(* Let $p$ be a monic polynomial of degree $d$, let $\alpha\in\mathbb{C}$, and set $\tilde p(Z)=(Z-\alpha)p(Z)$. (1) For a point $\underline z=(z_1,\dots,z_d,\alpha)\in\mathbb{C}^{d+1}$ with pairwise distinct entries, the Jacobi matrix of $W_{\tilde p}$ at $\underline z$ has the block form $$DW_{\tilde p}(\underline z)=\begin{pmatrix} DW_p(\underline z') & *\\ 0_{1\times d} & \lambda\end{pmatrix},$$ where $\underline z'=(z_1,\dots,z_d)$, $*$ is some $d\times1$ column, and $\lambda=1-\dfrac{p(\alpha)}{\prod_{j=1}^d(\alpha-z_j)}$. (2) If $q\in\mathbb{C}^d$ is a periodic point of $W_p$ of period $n$ such that all eigenvalues of $D(W_p^{\circ n})(q)$ have absolute value strictly less than $1$, then for all $\alpha$ with $|\alpha|$ sufficiently large, $\tilde q=(q,\alpha)\in\mathbb{C}^{d+1}$ is a periodic point of $W_{\tilde p}$ of period $n$ and all eigenvalues of $D(W_{\tilde p}^{\circ n})(\tilde q)$ have absolute value strictly less than $1$.
   Context: For a monic polynomial $p\in\mathbb{C}[Z]$ of degree $d$, the Weierstrass map $W_p$ is the partially defined map $\mathbb{C}^d\setminus\Delta\to\mathbb{C}^d$, $\underline z\mapsto \underline z'$ with $z'_k=z_k-\dfrac{p(z_k)}{\prod_{j\ne k}(z_k-z_j)}$, where $\Delta=\{\underline z\in\mathbb{C}^d: z_j=z_k\text{ for some }j<k\}$. *)

theory Defs
  imports "HOL-Analysis.Analysis" "HOL-Computational_Algebra.Polynomial"
begin

text \<open>Points of C^d are vectors complex^'n with d = CARD('n); the Weierstrass map
  is made total (division by zero gives 0 on the diagonal), which does not affect
  its values or derivatives off the closed set Delta.\<close>

definition weierstrass :: "complex poly \<Rightarrow> complex^'n::finite \<Rightarrow> complex^'n" where
  "weierstrass p z = (\<chi> k. z$k - poly p (z$k) / (\<Prod>j\<in>UNIV - {k}. z$k - z$j))"

definition in_Delta :: "complex^'n::finite \<Rightarrow> bool" where
  "in_Delta z \<longleftrightarrow> (\<exists>j k. j \<noteq> k \<and> z$j = z$k)"

definition is_eigenvalue :: "complex^'n^'n \<Rightarrow> complex \<Rightarrow> bool" where
  "is_eigenvalue A \<mu> \<longleftrightarrow> (\<exists>v. v \<noteq> 0 \<and> A *v v = \<mu> *s v)"

text \<open>q is a periodic point of W_p of (exact) period n: all orbit points lie off Delta
  (so the partially defined map can be iterated), W_p^n(q) = q, and n is minimal.\<close>
definition periodic_point :: "complex poly \<Rightarrow> complex^'n::finite \<Rightarrow> nat \<Rightarrow> bool" where
  "periodic_point p q n \<longleftrightarrow> n > 0 \<and> (\<forall>m<n. \<not> in_Delta ((weierstrass p ^^ m) q))
     \<and> (weierstrass p ^^ n) q = q \<and> (\<forall>m. 0 < m \<and> m < n \<longrightarrow> (weierstrass p ^^ m) q \<noteq> q)"

definition extend_pt :: "complex^'n \<Rightarrow> complex \<Rightarrow> complex^('n option)" where
  "extend_pt q a = (\<chi> i. case i of Some k \<Rightarrow> q$k | None \<Rightarrow> a)"

definition restrict_pt :: "complex^('n option) \<Rightarrow> complex^'n" where
  "restrict_pt z = (\<chi> k. z $ Some k)"

end

theory Submission
  imports Defs
begin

::::::::::

Give back the entries exactly. Omit none of them.

### [Exercise response]
(* Let $p$ be a monic polynomial of degree $d$, let $\alpha\in\mathbb{C}$, and set $\tilde p(Z)=(Z-\alpha)p(Z)$. (1) For a point $\underline z=(z_1,\dots,z_d,\alpha)\in\mathbb{C}^{d+1}$ with pairwise distinct entries, the Jacobi matrix of $W_{\tilde p}$ at $\underline z$ has the block form $$DW_{\tilde p}(\underline z)=\begin{pmatrix} DW_p(\underline z') & *\\ 0_{1\times d} & \lambda\end{pmatrix},$$ where $\underline z'=(z_1,\dots,z_d)$, $*$ is some $d\times1$ column, and $\lambda=1-\dfrac{p(\alpha)}{\prod_{j=1}^d(\alpha-z_j)}$. (2) If $q\in\mathbb{C}^d$ is a periodic point of $W_p$ of period $n$ such that all eigenvalues of $D(W_p^{\circ n})(q)$ have absolute value strictly less than $1$, then for all $\alpha$ with $|\alpha|$ sufficiently large, $\tilde q=(q,\alpha)\in\mathbb{C}^{d+1}$ is a periodic point of $W_{\tilde p}$ of period $n$ and all eigenvalues of $D(W_{\tilde p}^{\circ n})(\tilde q)$ have absolute value strictly less than $1$.
   Context: For a monic polynomial $p\in\mathbb{C}[Z]$ of degree $d$, the Weierstrass map $W_p$ is the partially defined map $\mathbb{C}^d\setminus\Delta\to\mathbb{C}^d$, $\underline z\mapsto \underline z'$ with $z'_k=z_k-\dfrac{p(z_k)}{\prod_{j\ne k}(z_k-z_j)}$, where $\Delta=\{\underline z\in\mathbb{C}^d: z_j=z_k\text{ for some }j<k\}$. *)

theory Defs
  imports "HOL-Analysis.Analysis" "HOL-Computational_Algebra.Polynomial"
begin

text \<open>Points of C^d are vectors complex^'n with d = CARD('n); the Weierstrass map
  is made total (division by zero gives 0 on the diagonal), which does not affect
  its values or derivatives off the closed set Delta.\<close>

definition weierstrass :: "complex poly \<Rightarrow> complex^'n::finite \<Rightarrow> complex^'n" where
  "weierstrass p z = (\<chi> k. z$k - poly p (z$k) / (\<Prod>j\<in>UNIV - {k}. z$k - z$j))"

definition in_Delta :: "complex^'n::finite \<Rightarrow> bool" where
  "in_Delta z \<longleftrightarrow> (\<exists>j k. j \<noteq> k \<and> z$j = z$k)"

definition is_eigenvalue :: "complex^'n^'n \<Rightarrow> complex \<Rightarrow> bool" where
  "is_eigenvalue A \<mu> \<longleftrightarrow> (\<exists>v. v \<noteq> 0 \<and> A *v v = \<mu> *s v)"

text \<open>q is a periodic point of W_p of (exact) period n: all orbit points lie off Delta
  (so the partially defined map can be iterated), W_p^n(q) = q, and n is minimal.\<close>
definition periodic_point :: "complex poly \<Rightarrow> complex^'n::finite \<Rightarrow> nat \<Rightarrow> bool" where
  "periodic_point p q n \<longleftrightarrow> n > 0 \<and> (\<forall>m<n. \<not> in_Delta ((weierstrass p ^^ m) q))
     \<and> (weierstrass p ^^ n) q = q \<and> (\<forall>m. 0 < m \<and> m < n \<longrightarrow> (weierstrass p ^^ m) q \<noteq> q)"

definition extend_pt :: "complex^'n \<Rightarrow> complex \<Rightarrow> complex^('n option)" where
  "extend_pt q a = (\<chi> i. case i of Some k \<Rightarrow> q$k | None \<Rightarrow> a)"

definition restrict_pt :: "complex^('n option) \<Rightarrow> complex^'n" where
  "restrict_pt z = (\<chi> k. z $ Some k)"

end

theory Submission
  imports Defs
begin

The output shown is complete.